I was always called “special”—“gifted” by my teachers at school. And immediately after telling my mother this, my teacher would also mention “He talks too much.” I was always put in advanced classes, and—most times—I was the only black person in class. I was the only black person in our high school musicals; I was the only black person in show choir and the vocal ensemble; I was once threatened by a student who said if I won any more awards during the school year he’d beat me up. 

My uncles were teenagers when I was growing up, and by the time I was three years old, they pretty much started calling me “faggot” to my face (this was, of course, only during those times between their stints in “juvie”). My grandfather was a construction worker, and it was only recently that I found out that his name,“T.J.,” was short for “Thomas Jefferson,” though—to this day—I still don’t understand why everyone in his life called him “Judge.”   I peed in the bed until I was probably twelve or thirteen.  And I was obsessed with Michael Jackson. 

The play Bootycandy started out as a ten-minute piece to begin an evening of short pieces that I’d written over the span of ten years—all disconnected and all fairly outrageous. This evening of short pieces was produced over a decade ago by Partial Comfort, the then-fledgling theater company. About five years later, I got a call from the folks at Woolly Mammoth Theater in D.C., asking if I’d consider taking some of the characters that populated the disparate short pieces and writing a full-length play with a throughline. I said I’d think about it, but I thought the idea was silly because the short pieces were only connected by... my having written them all. Then, I looked at them again. There were some interesting characters. And a full-length play began to emerge. Four of the short pieces remain from the original evening, but none in their original form. 

At first I was reluctant to directly acknowledge the autobiography of Bootycandy, but now, I own it completely. It is my life. Or close to it. All of the scenes in Bootycandy are based on facts. Some of the most outrageous lines were actually uttered.
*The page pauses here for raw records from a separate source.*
lemma dyadic_chains_Suc:
  assumes "m \<ge> 1"
  shows "dyadic_chains n r s (Suc m)
    = (\<lambda>(zs, u). zs @ [u]) ` (SIGMA zs:dyadic_chains n r s m. {u. dyadic_cubes_near n s (last zs) u})"
proof (intro equalityI subsetI)
  fix zs' assume zs': "zs' \<in> dyadic_chains n r s (Suc m)"
  define zs u where "zs = butlast zs'" and "u = last zs'"
  have len: "length zs = m" using zs' by (simp add: zs_def dyadic_chains_def)
  have "zs' \<noteq> []" using zs' by (auto simp: dyadic_chains_def)
  then have eq: "zs' = zs @ [u]" by (simp add: zs_def u_def)
  have nth: "zs ! i = zs' ! i" if "i < m" for i
    using that len by (simp add: eq nth_append)
  have chain: "zs \<in> dyadic_chains n r s m"
    using zs' assms len nth by (auto simp: dyadic_chains_def)
  have "\<forall>i<m. dyadic_cubes_near n s (zs' ! i) (zs' ! Suc i)"
    using zs' by (simp add: dyadic_chains_def)
  then have "dyadic_cubes_near n s (zs' ! (m - 1)) (zs' ! m)"
    using assms by (metis Suc_diff_1 diff_less less_numeral_extra(1) order_less_le_trans)
  moreover have "zs \<noteq> []" using assms len by auto
  then have "zs' ! (m - 1) = last zs" "zs' ! m = u"
    using assms len by (simp_all add: eq nth_append last_conv_nth)
  ultimately have "dyadic_cubes_near n s (last zs) u"
    by simp
  with chain show "zs' \<in> (\<lambda>(zs, u). zs @ [u]) ` (SIGMA zs:dyadic_chains n r s m. {u. dyadic_cubes_near n s (last zs) u})"
    using eq by force
next
  fix zs' assume "zs' \<in> (\<lambda>(zs, u). zs @ [u]) ` (SIGMA zs:dyadic_chains n r s m. {u. dyadic_cubes_near n s (last zs) u})"
  then obtain zs u where zs': "zs' = zs @ [u]" and zs: "zs \<in> dyadic_chains n r s m"
    and u: "dyadic_cubes_near n s (last zs) u"
    by auto
  have len: "length zs = m" using zs by (simp add: dyadic_chains_def)
  then have "zs \<noteq> []" using assms by auto
  with len have last: "last zs = zs ! (m - 1)" by (simp add: last_conv_nth)
  have "dyadic_cubes_near n s (zs' ! i) (zs' ! Suc i)" if "Suc i < Suc m" for i
  proof (cases "Suc i < m")
    case True
    then show ?thesis using zs len by (simp add: zs' nth_append dyadic_chains_def)
  next
    case False
    then have "i = m - 1" using that by simp
    then show ?thesis using u len assms by (simp add: zs' nth_append last)
  qed
  moreover have "zs' ! 0 = zs ! 0" "length zs' = Suc m"
    using len assms by (simp_all add: zs' nth_append)
  ultimately show "zs' \<in> dyadic_chains n r s (Suc m)"
    using zs by (simp add: dyadic_chains_def)
qed

lemma finite_dyadic_chains: "finite (dyadic_chains n r s m)"
proof (cases "m = 0")
  case True
  then have "dyadic_chains n r s m \<subseteq> {[]}" by (auto simp: dyadic_chains_def)
  then show ?thesis by (rule finite_subset) simp
next
  case False
  then have "m \<ge> 1" by simp
  then show ?thesis
  proof (induction m rule: nat_induct_at_least)
    case base
    show ?case unfolding dyadic_chains_1 by (intro finite_imageI finite_dyadic_cubes_in_ball)
  next
    case (Suc m)
    then show ?case
      unfolding dyadic_chains_Suc[OF Suc(1)] by (intro finite_imageI finite_SigmaI finite_dyadic_cubes_near)
  qed
qed

lemma sum_prod_measure_dyadic_chains_le:
  fixes n :: nat
  assumes "m \<ge> 1" and "r \<ge> 0" and "s \<ge> 0"
  shows "(\<Sum>zs\<in>(dyadic_chains n r s m :: ('d::finite \<Rightarrow> int) list set). \<Prod>i<m. measure lborel (dyadic_cube n (zs!i)))
     \<le> measure lborel (ball (0::real^'d) r) * measure lborel (ball (0::real^'d) s) ^ (m - 1)"
  using assms(1)
proof (induction m rule: nat_induct_at_least)
  case base
  have "(\<Sum>zs\<in>(dyadic_chains n r s 1 :: ('d \<Rightarrow> int) list set). \<Prod>i<1. measure lborel (dyadic_cube n (zs!i)))
      = (\<Sum>u\<in>{u::'d \<Rightarrow> int. dyadic_cube n u \<subseteq> ball 0 r}. measure lborel (dyadic_cube n u))"
    unfolding dyadic_chains_1 by (subst sum.reindex) (auto simp: inj_on_def)
  also have "\<dots> \<le> measure lborel (ball (0::real^'d) r)"
    by (rule sum_measure_dyadic_cubes_le[OF finite_dyadic_cubes_in_ball]) simp
  finally show ?case by simp
next
  case (Suc m)
  let ?\<mu> = "\<lambda>u::'d \<Rightarrow> int. measure lborel (dyadic_cube n u)"
  let ?B = "\<lambda>R. measure lborel (ball (0::real^'d) R)"
  let ?C = "dyadic_chains n r s m :: ('d \<Rightarrow> int) list set"
  have "(\<Sum>zs\<in>dyadic_chains n r s (Suc m). \<Prod>i<Suc m. ?\<mu> (zs!i))
      = (\<Sum>zs\<in>?C. \<Sum>u\<in>{u. dyadic_cubes_near n s (last zs) u}. \<Prod>i<Suc m. ?\<mu> ((zs @ [u])!i))"
    unfolding dyadic_chains_Suc[OF Suc(1)]
    by (subst sum.reindex) (auto simp: inj_on_def case_prod_beta sum.Sigma finite_dyadic_chains finite_dyadic_cubes_near)
  also have "\<dots> = (\<Sum>zs\<in>?C. (\<Prod>i<m. ?\<mu> (zs!i)) * (\<Sum>u\<in>{u. dyadic_cubes_near n s (last zs) u}. ?\<mu> u))"
    by (intro sum.cong refl) (auto simp: dyadic_chains_def nth_append sum_distrib_left)
  also have "\<dots> \<le> (\<Sum>zs\<in>?C. (\<Prod>i<m. ?\<mu> (zs!i)) * ?B s)"
    by (intro sum_mono mult_left_mono sum_measure_dyadic_cubes_near_le prod_nonneg) (auto simp: \<open>s \<ge> 0\<close>)
  also have "\<dots> = (\<Sum>zs\<in>?C. \<Prod>i<m. ?\<mu> (zs!i)) * ?B s"
    by (simp add: sum_distrib_right)
  also have "\<dots> \<le> (?B r * ?B s ^ (m - 1)) * ?B s"
    by (intro mult_right_mono Suc(2)) simp
  also have "\<dots> = ?B r * ?B s ^ (Suc m - 1)"
    using Suc(1) by (cases m) (auto simp: algebra_simps)
  finally show ?case .
qed

section \<open>Discretised chain counts\<close>

definition cube_count :: "(real^'d::finite) set \<Rightarrow> nat \<Rightarrow> ('d \<Rightarrow> int) \<Rightarrow> ennreal" where
  "cube_count S n u = ennreal (real (card (S \<inter> dyadic_cube n u)))"

definition dyadic_paths ::
  "nat \<Rightarrow> real \<Rightarrow> real \<Rightarrow> real \<Rightarrow> nat \<Rightarrow> (('d::finite \<Rightarrow> int) list \<times> ('d \<Rightarrow> int)) set" where
  "dyadic_paths n r s t k =
     (SIGMA zs:{zs \<in> dyadic_chains n r s k. distinct zs}. {w. dyadic_cubes_near n t (last zs) w})"

definition path_count ::
  "nat \<Rightarrow> real \<Rightarrow> real \<Rightarrow> real \<Rightarrow> nat \<Rightarrow> (real^'d::finite) set \<Rightarrow> (real^'d) set \<Rightarrow> ennreal" where
  "path_count n r s t k S T =
     (\<Sum>p\<in>dyadic_paths n r s t k. (\<Prod>i<k. cube_count S n (fst p ! i)) * cube_count T n (snd p))"

lemma finite_dyadic_paths: "finite (dyadic_paths n r s t k)"
  unfolding dyadic_paths_def
  by (intro finite_SigmaI finite_dyadic_cubes_near) (auto intro: finite_subset[OF _ finite_dyadic_chains])

lemma
  assumes H: "indep_PPP2 M X Y l1 l2"
  shows measurable_cube_count_fst: "(\<lambda>\<omega>. cube_count (X \<omega>) n u) \<in> borel_measurable M"
    and measurable_cube_count_snd: "(\<lambda>\<omega>. cube_count (Y \<omega>) n u) \<in> borel_measurable M"
proof -
  have "dyadic_cube n u \<in> sets lborel" by simp
  note counts = indep_PPP2_count(1,2)[OF H this bounded_dyadic_cube]
  show "(\<lambda>\<omega>. cube_count (X \<omega>) n u) \<in> borel_measurable M"
    and "(\<lambda>\<omega>. cube_count (Y \<omega>) n u) \<in> borel_measurable M"
    unfolding cube_count_def by (simp_all add: measurable_compose[OF counts(1)] measurable_compose[OF counts(2)])
qed

lemma measurable_path_count:
  "indep_PPP2 M X Y l1 l2 \<Longrightarrow> (\<lambda>\<omega>. path_count n r s t k (X \<omega>) (Y \<omega>)) \<in> borel_measurable M"
  using measurable_cube_count_fst measurable_cube_count_snd unfolding path_count_def by measurable

lemma nn_integral_prod_cube_counts:
  fixes zs :: "('d::finite \<Rightarrow> int) list" and X Y :: "'a \<Rightarrow> (real^'d) set"
  assumes H: "indep_PPP2 M X Y l1 l2" and "l1 \<ge> 0" "l2 \<ge> 0" and zs: "distinct zs" "length zs = k"
  shows "(\<integral>\<^sup>+\<omega>. (\<Prod>i<k. cube_count (X \<omega>) n (zs!i)) * cube_count (Y \<omega>) n w \<partial>M)
       = ennreal ((\<Prod>i<k. l1 * measure lborel (dyadic_cube n (zs!i))) * (l2 * measure lborel (dyadic_cube n w)))"
proof -
  note prod_counts = nn_integral_PPP2_prod_counts[OF H \<open>l1 \<ge> 0\<close> \<open>l2 \<ge> 0\<close>]
  have disj: "dyadic_cube n (zs!i) \<inter> dyadic_cube n (zs!j) = {}" if "i < k" "j < k" "i \<noteq> j" for i j
    using that zs by (intro dyadic_cubes_disjoint) (simp add: nth_eq_iff_index_eq)
  have "(\<integral>\<^sup>+\<omega>. (\<Prod>i<k. cube_count (X \<omega>) n (zs!i)) * cube_count (Y \<omega>) n w \<partial>M)
      = (\<Prod>i<k. ennreal (l1 * measure lborel (dyadic_cube n (zs!i)))) * ennreal (l2 * measure lborel (dyadic_cube n w))"
  proof (cases "w \<in> set zs")
    \<comment> \<open>The \<open>Y\<close>-cube may be one of the \<open>X\<close>-cubes: counts of \<open>X\<close> and \<open>Y\<close> in the same cube are independent.\<close>
    case True
    then obtain j where "j < k" "zs!j = w" using zs by (auto simp: in_set_conv_nth)
    with prod_counts[of k "\<lambda>i. dyadic_cube n (zs!i)" "{..<k}" j] disj show ?thesis
      by (simp add: cube_count_def bounded_dyadic_cube disjoint_family_on_def)
  next
    case False
    define A where "A i = dyadic_cube n (if i < k then zs!i else w)" for i
    have "dyadic_cube n (zs!i) \<inter> dyadic_cube n w = {}" if "i < k" for i
      using False that zs by (intro dyadic_cubes_disjoint) auto
    then have "disjoint_family_on A {..<Suc k}"
      using disj by (auto simp: disjoint_family_on_def A_def Int_commute)
    with prod_counts[of "Suc k" A "{..<k}" k] show ?thesis
      by (simp add: A_def cube_count_def bounded_dyadic_cube)
  qed
  also have "\<dots> = ennreal ((\<Prod>i<k. l1 * measure lborel (dyadic_cube n (zs!i))) * (l2 * measure lborel (dyadic_cube n w)))"
  proof -
    have "(\<Prod>i<k. ennreal (l1 * measure lborel (dyadic_cube n (zs!i))))
        = ennreal (\<Prod>i<k. l1 * measure lborel (dyadic_cube n (zs!i)))"
      using \<open>l1 \<ge> 0\<close> by (intro prod_ennreal) auto
    moreover have "0 \<le> (\<Prod>i<k. l1 * measure lborel (dyadic_cube n (zs!i)))"
      using \<open>l1 \<ge> 0\<close> by (intro prod_nonneg) auto
    ultimately show ?thesis
      using \<open>l2 \<ge> 0\<close> by (simp only: ennreal_mult mult_nonneg_nonneg measure_nonneg)
  qed
  finally show ?thesis .
qed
There are witnesses, and they know who they are. It is tough to describe exactly what this piece is other than to say it is the experience, through my eyes, of being black, gay, and gifted—with what I’m not quite sure. That’s for you, the viewer, to tell.

I’m crazy. My entire extended family is a nut house—complete and utter fools. I think about my childhood and laugh out loud. Constantly. I won’t tell you what “Bootycandy” means. That’s explained in the first five minutes of my play. But I heard that word throughout my adolescence, mostly from Lizzie Bee and Lillie Ann. 

All I know for sure is this: when I told my mother that a theater was putting on my play Bootycandy, her response was, “What?! Bootycandy? These white folks are going to let you put on a play called Bootycandy?!? Are they crazy???” 

And my response was, “Yes. Yes indeed.”